Division of Molecular and Systems Toxicology (E.M.A., A.O.), Department of Pharmaceutical Sciences, University of Basel, CH-4056 Basel, Switzerland; and Department of Nephrology and Hypertension (E.M.A.), University of Berne, CH-3010 Berne, Switzerland

Address all correspondence and requests for reprints to: Dr. Alex Odermatt, Division of Molecular and Systems Toxicology, Department of Pharmaceutical Sciences, University of Basel, Klingelbergstrasse 50, CH-4056 Basel, Switzerland. E-mail: alex.odermatt{at}unibas.ch.

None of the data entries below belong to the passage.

lemma zero_seq_diag_gaps:
  fixes b :: "'n::finite \<Rightarrow> real"
  assumes b_nz: "\<And>k. b k \<noteq> 0" and c_nz: "\<And>k. c k \<noteq> 0"
    and "zero_seq (Delta0 b (diag_mat c) (- mat 1)) Lam" and mono: "\<And>m. Re (Lam m) \<le> Re (Lam (m + 1))"
  shows "\<exists>mk :: int \<Rightarrow> int. \<forall>k. mk k < mk (k + 1) \<and> mk (k + 1) \<le> mk k + int CARD('n) \<and>
    2 * pi / ((MAX j. \<bar>b j\<bar>) * real CARD('n)) \<le> Re (Lam (mk k)) - Re (Lam (mk k - 1))"
proof -
  define n where "n = CARD('n)"
  define W where "W = 2 * pi / (MAX j. \<bar>b j\<bar>)"
  have W: "W \<le> 2 * pi / \<bar>b k\<bar>" for k
  proof -
    have "\<bar>b k\<bar> \<le> (MAX j. \<bar>b j\<bar>)" by (rule Max_ge) auto
    moreover have "0 < \<bar>b k\<bar>" using b_nz[of k] by simp
    ultimately have "0 < (MAX j. \<bar>b j\<bar>)" by linarith
    with \<open>\<bar>b k\<bar> \<le> _\<close> \<open>0 < \<bar>b k\<bar>\<close> show ?thesis
      unfolding W_def by (intro divide_left_mono mult_pos_pos) simp_all
  qed
  obtain \<phi> where "bij \<phi>" "Lam = root_family b c \<circ> \<phi>"
    using assms(3) zero_seq_diag_iff[of b c, OF b_nz c_nz] by blast
  have "\<exists>i\<in>{i. W / n \<le> Re (Lam i) - Re (Lam (i - 1))}. m < i \<and> i \<le> m + int n" for m
    using large_step_in_block[of n W "\<lambda>i. Re (Lam i)" m]
      consecutive_zeros_Re_spread[where b = b and c = c, OF b_nz W \<open>bij \<phi>\<close> \<open>Lam = _\<close>
        mono_int_step[of "\<lambda>m. Re (Lam m)", OF mono]]
    by (auto simp: n_def)
  then obtain mk :: "int \<Rightarrow> int" where "\<And>k. W / n \<le> Re (Lam (mk k)) - Re (Lam (mk k - 1))"
    "\<And>k. mk k < mk (k + 1)" "\<And>k. mk (k + 1) \<le> mk k + int n"
    by (rule int_enumeration_bounded_gaps) blast
  moreover have "W / n = 2 * pi / ((MAX j. \<bar>b j\<bar>) * real CARD('n))"
    by (simp add: W_def n_def)
  ultimately show ?thesis unfolding n_def by metis
qed

section \<open>Separation of two lattices of zeros\<close>

definition eventually_apart :: "(int \<Rightarrow> complex) \<Rightarrow> (int \<Rightarrow> complex) \<Rightarrow> bool" where
  "eventually_apart f g \<longleftrightarrow> (\<exists>\<delta>>0. \<exists>N. \<forall>m p. N < \<bar>m\<bar> \<longrightarrow> N < \<bar>p\<bar> \<longrightarrow> \<delta> < cmod (f m - g p))"

lemma not_eventually_apartI:
  assumes "\<And>\<delta> N. \<delta> > 0 \<Longrightarrow> \<exists>m p. N < \<bar>m\<bar> \<and> N < \<bar>p\<bar> \<and> cmod (f m - g p) \<le> \<delta>"
  shows "\<not> eventually_apart f g"
  unfolding eventually_apart_def using assms by (meson not_less)

lemma eventually_apartI:
  assumes "d > 0" "\<And>m p. d \<le> cmod (f m - g p)"
  shows "eventually_apart f g"
  unfolding eventually_apart_def
proof (intro exI[of _ "d / 2"] conjI exI[of _ 0] allI impI)
  show "0 < d / 2" using assms(1) by simp
  show "d / 2 < cmod (f m - g p)" for m p using assms(1) assms(2)[of m p] by linarith
qed

lemma exp_roots_apart_if_Im_differ:
  assumes "\<beta> \<noteq> 0" "\<beta>' \<noteq> 0" "\<beta> * ln (cmod \<gamma>') \<noteq> \<beta>' * ln (cmod \<gamma>)"
  shows "eventually_apart (exp_root \<beta> \<gamma>) (exp_root \<beta>' \<gamma>')"
proof -
  define d where "d = \<bar>(\<beta> * ln (cmod \<gamma>') - \<beta>' * ln (cmod \<gamma>)) / (\<beta> * \<beta>')\<bar>"
  have "d > 0" using assms by (simp add: d_def)
  moreover have "d \<le> cmod (exp_root \<beta> \<gamma> m - exp_root \<beta>' \<gamma>' p)" for m p
    using abs_Im_le_cmod[of "exp_root \<beta> \<gamma> m - exp_root \<beta>' \<gamma>' p"]
    unfolding Im_exp_root_diff[OF assms(1,2)] d_def .
  ultimately show ?thesis by (rule eventually_apartI)
qed

lemma Re_exp_root_diff_commensurable:
  assumes "\<beta> \<noteq> 0" "\<beta>' \<noteq> 0" "g > 0" "\<beta> = of_int P * g" "\<beta>' = of_int Q * g"
  shows "Re (exp_root \<beta> \<gamma> m - exp_root \<beta>' \<gamma>' p) =
    2 * pi * g * (of_int (m * Q - p * P) - (\<beta> * Arg \<gamma>' - \<beta>' * Arg \<gamma>) / (2 * pi * g)) / (\<beta> * \<beta>')"
proof -
  have lattice: "of_int m * \<beta>' - of_int p * \<beta> = g * of_int (m * Q - p * P)"
    using assms(4,5) by (simp add: algebra_simps)
  have "2 * pi * (of_int m * \<beta>' - of_int p * \<beta>) - (\<beta> * Arg \<gamma>' - \<beta>' * Arg \<gamma>)
      = 2 * pi * g * (of_int (m * Q - p * P) - (\<beta> * Arg \<gamma>' - \<beta>' * Arg \<gamma>) / (2 * pi * g))"
    unfolding lattice using assms(3) by (simp add: field_simps)
  then show ?thesis by (simp only: Re_exp_root_diff[OF assms(1,2)])
qed

lemma exp_roots_apart_if_commensurable:
  assumes "\<beta> \<noteq> 0" "\<beta>' \<noteq> 0" "\<beta> / \<beta>' \<in> \<rat>"
    and "(\<beta> * Arg \<gamma>' - \<beta>' * Arg \<gamma>) / (2 * pi * real_gcd \<beta> \<beta>') \<notin> \<int>"
  shows "eventually_apart (exp_root \<beta> \<gamma>) (exp_root \<beta>' \<gamma>')"
proof -
  define g where "g = real_gcd \<beta> \<beta>'"
  obtain P Q :: int where g: "g > 0" "\<beta> = P * g" "\<beta>' = Q * g"
    using real_gcd_cofactors[OF assms(1-3)] unfolding g_def by metis
  define t where "t = (\<beta> * Arg \<gamma>' - \<beta>' * Arg \<gamma>) / (2 * pi * g)"
  obtain e where "e > 0" and e: "\<And>s::int. e \<le> \<bar>of_int s - t\<bar>"
    using not_Ints_imp_bounded_away assms(4) unfolding t_def g_def by blast
  define B where "B = \<bar>\<beta> * \<beta>'\<bar>"
  have "B > 0" using assms by (simp add: B_def)
  have "2 * pi * g * e / B \<le> cmod (exp_root \<beta> \<gamma> m - exp_root \<beta>' \<gamma>' p)" for m p
  proof -
    have "\<bar>Re (exp_root \<beta> \<gamma> m - exp_root \<beta>' \<gamma>' p)\<bar> = 2 * pi * g * \<bar>of_int (m * Q - p * P) - t\<bar> / B"
      unfolding Re_exp_root_diff_commensurable[OF assms(1,2) g(1-3)] using g(1)
      by (simp add: t_def B_def abs_mult abs_divide)
    also have "\<dots> \<ge> 2 * pi * g * e / B"
      using e[of "m * Q - p * P"] \<open>B > 0\<close> g(1) by (intro divide_right_mono mult_left_mono) auto
    finally show ?thesis using abs_Re_le_cmod order_trans by blast
  qed
  moreover have "0 < 2 * pi * g * e / B" using g(1) \<open>e > 0\<close> \<open>B > 0\<close> by simp
  ultimately show ?thesis by (intro eventually_apartI)
qed

lemma exp_roots_not_apart_if_commensurable:
  assumes "\<beta> \<noteq> 0" "\<beta>' \<noteq> 0" "\<beta> / \<beta>' \<in> \<rat>"
    and Im_eq: "\<beta> * ln (cmod \<gamma>') = \<beta>' * ln (cmod \<gamma>)"
    and "(\<beta> * Arg \<gamma>' - \<beta>' * Arg \<gamma>) / (2 * pi * real_gcd \<beta> \<beta>') \<in> \<int>"
  shows "\<not> eventually_apart (exp_root \<beta> \<gamma>) (exp_root \<beta>' \<gamma>')"
proof (rule not_eventually_apartI)
  fix \<delta> :: real and N :: int assume "\<delta> > 0"
  define g where "g = real_gcd \<beta> \<beta>'"
  obtain P Q :: int where g: "g > 0" "\<beta> = P * g" "\<beta>' = Q * g" "coprime P Q"
    using real_gcd_cofactors[OF assms(1-3)] unfolding g_def by metis
  obtain T :: int where T: "(\<beta> * Arg \<gamma>' - \<beta>' * Arg \<gamma>) / (2 * pi * g) = of_int T"
    using assms(5) unfolding g_def by (meson Ints_cases)
  have "P \<noteq> 0" "Q \<noteq> 0" using g(2,3) assms(1,2) by auto
  then obtain m p where "N < \<bar>m\<bar>" "N < \<bar>p\<bar>" "m * Q - p * P = T"
    using coprime_solutions_large[OF g(4)] by metis
  moreover have "exp_root \<beta> \<gamma> m - exp_root \<beta>' \<gamma>' p = 0"
  proof (rule complex_eqI)
    show "Re (exp_root \<beta> \<gamma> m - exp_root \<beta>' \<gamma>' p) = Re 0"
      unfolding Re_exp_root_diff_commensurable[OF assms(1,2) g(1-3)] T \<open>m * Q - p * P = T\<close>
      using g(1) by simp
    show "Im (exp_root \<beta> \<gamma> m - exp_root \<beta>' \<gamma>' p) = Im 0"
      unfolding Im_exp_root_diff[OF assms(1,2)] Im_eq by simp
  qed
  ultimately show "\<exists>m p. N < \<bar>m\<bar> \<and> N < \<bar>p\<bar> \<and> cmod (exp_root \<beta> \<gamma> m - exp_root \<beta>' \<gamma>' p) \<le> \<delta>"
    using \<open>\<delta> > 0\<close> by (intro exI[of _ m] exI[of _ p]) simp
qed

lemma exp_roots_not_apart_if_incommensurable:
  assumes "\<beta> \<noteq> 0" "\<beta>' \<noteq> 0" "\<beta> / \<beta>' \<notin> \<rat>"
    and Im_eq: "\<beta> * ln (cmod \<gamma>') = \<beta>' * ln (cmod \<gamma>)"
  shows "\<not> eventually_apart (exp_root \<beta> \<gamma>) (exp_root \<beta>' \<gamma>')"
proof (rule not_eventually_apartI)
  fix \<delta> :: real and N :: int assume "\<delta> > 0"
  define r where "r = \<beta>' / \<beta>"
  have "r \<notin> \<rat>"
  proof
    assume "r \<in> \<rat>"
    then have "inverse r \<in> \<rat>" by simp
    then show False using assms(3) by (simp add: r_def)
  qed
  define \<alpha> where "\<alpha> = (\<beta> * Arg \<gamma>' - \<beta>' * Arg \<gamma>) / (2 * pi * \<beta>)"
  have "\<delta> * \<bar>\<beta>'\<bar> / (2 * pi) > 0" using \<open>\<delta> > 0\<close> assms(2) by simp
  then obtain m p where "N < \<bar>m\<bar>" "N < \<bar>p\<bar>"
    and close: "\<bar>of_int m * r - of_int p - \<alpha>\<bar> < \<delta> * \<bar>\<beta>'\<bar> / (2 * pi)"
    using irrational_approx_large[OF \<open>r \<notin> \<rat>\<close>] by metis
  have "Re (exp_root \<beta> \<gamma> m - exp_root \<beta>' \<gamma>' p) = 2 * pi * (of_int m * r - of_int p - \<alpha>) / \<beta>'"
    unfolding Re_exp_root_diff[OF assms(1,2)] using assms(1,2) by (simp add: r_def \<alpha>_def field_simps)
  moreover have "Im (exp_root \<beta> \<gamma> m - exp_root \<beta>' \<gamma>' p) = 0"
    unfolding Im_exp_root_diff[OF assms(1,2)] Im_eq by simp
  ultimately have "cmod (exp_root \<beta> \<gamma> m - exp_root \<beta>' \<gamma>' p) = 2 * pi * \<bar>of_int m * r - of_int p - \<alpha>\<bar> / \<bar>\<beta>'\<bar>"
    by (simp add: cmod_eq_Re abs_mult abs_divide)
  also have "\<dots> \<le> \<delta>"
    using close assms(2) by (simp add: field_simps)
  finally show "\<exists>m p. N < \<bar>m\<bar> \<and> N < \<bar>p\<bar> \<and> cmod (exp_root \<beta> \<gamma> m - exp_root \<beta>' \<gamma>' p) \<le> \<delta>"
    using \<open>N < \<bar>m\<bar>\<close> \<open>N < \<bar>p\<bar>\<close> by blast
qed

lemma exp_roots_eventually_apart_iff:
  assumes "\<beta> \<noteq> 0" "\<beta>' \<noteq> 0"
  shows "eventually_apart (exp_root \<beta> \<gamma>) (exp_root \<beta>' \<gamma>') \<longleftrightarrow>
    \<beta> * ln (cmod \<gamma>') \<noteq> \<beta>' * ln (cmod \<gamma>) \<or>
    (\<beta> / \<beta>' \<in> \<rat> \<and> (\<beta> * Arg \<gamma>' - \<beta>' * Arg \<gamma>) / (2 * pi * real_gcd \<beta> \<beta>') \<notin> \<int>)"
  using exp_roots_apart_if_Im_differ[OF assms] exp_roots_apart_if_commensurable[OF assms]
    exp_roots_not_apart_if_commensurable[OF assms] exp_roots_not_apart_if_incommensurable[OF assms]
  by blast

section \<open>Strict regularity\<close>

lemma root_family_same_factor_dist:
  assumes "b k \<noteq> 0" "m \<noteq> p"
  shows "2 * pi / \<bar>b k\<bar> \<le> dist (root_family b c (k, m)) (root_family b c (k, p))"
proof -
  have "2 * pi / \<bar>b k\<bar> \<le> \<bar>Re (exp_root (b k) (c k) m) - Re (exp_root (b k) (c k) p)\<bar>"
    using exp_root_Re_spacing[OF assms] by simp
  also have "\<dots> \<le> dist (root_family b c (k, m)) (root_family b c (k, p))"
    using abs_Re_le_cmod[of "exp_root (b k) (c k) m - exp_root (b k) (c k) p"]
    by (simp add: root_family_def dist_norm)
  finally show ?thesis .
qed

Vitamin A is a nutrient with remarkable effects on adipose tissue and skeletal muscles, and plays a role in controlling energy balance. Retinoic acid (RA), the carboxylic form of vitamin A, has been associated with improved glucose tolerance and insulin sensitivity. In contrast, elevated glucocorticoids have been implicated in the development of insulin resistance and impaired glucose tolerance. Here, we investigated whether RA might counteract glucocorticoid effects in skeletal muscle cells by lowering 11β-hydroxysteroid dehydrogenase type 1 (11β-HSD1)-dependent local glucocorticoid activation and/or activation of glucocorticoid receptor (GR). We found a dose-dependent down-regulation of 11β-HSD1 mRNA expression and activity upon incubation of fully differentiated mouse C2C12 myotubes with RA. In addition, RA inhibited GR transactivation by an 11β-HSD1-independent mechanism. The presence of RA during myogenesis did not prevent myotube formation but resulted in relatively glucocorticoid-resistant myotubes, exhibiting very low 11β-HSD1 expression and GR activity. The use of selective retinoic acid receptor (RAR) and retinoid X receptor ligands provided evidence that these effects were mediated through RAR. Importantly, short hairpin RNA against RAR abolished the effect of RA on 11β-HSD1 and GR. In conclusion, we provide evidence for an important role of RA in the control of glucocorticoid activity during myogenesis and in myotubes. Disturbances of the nutrient and hormonal regulation of glucocorticoid action in skeletal muscles might be relevant for metabolic diseases.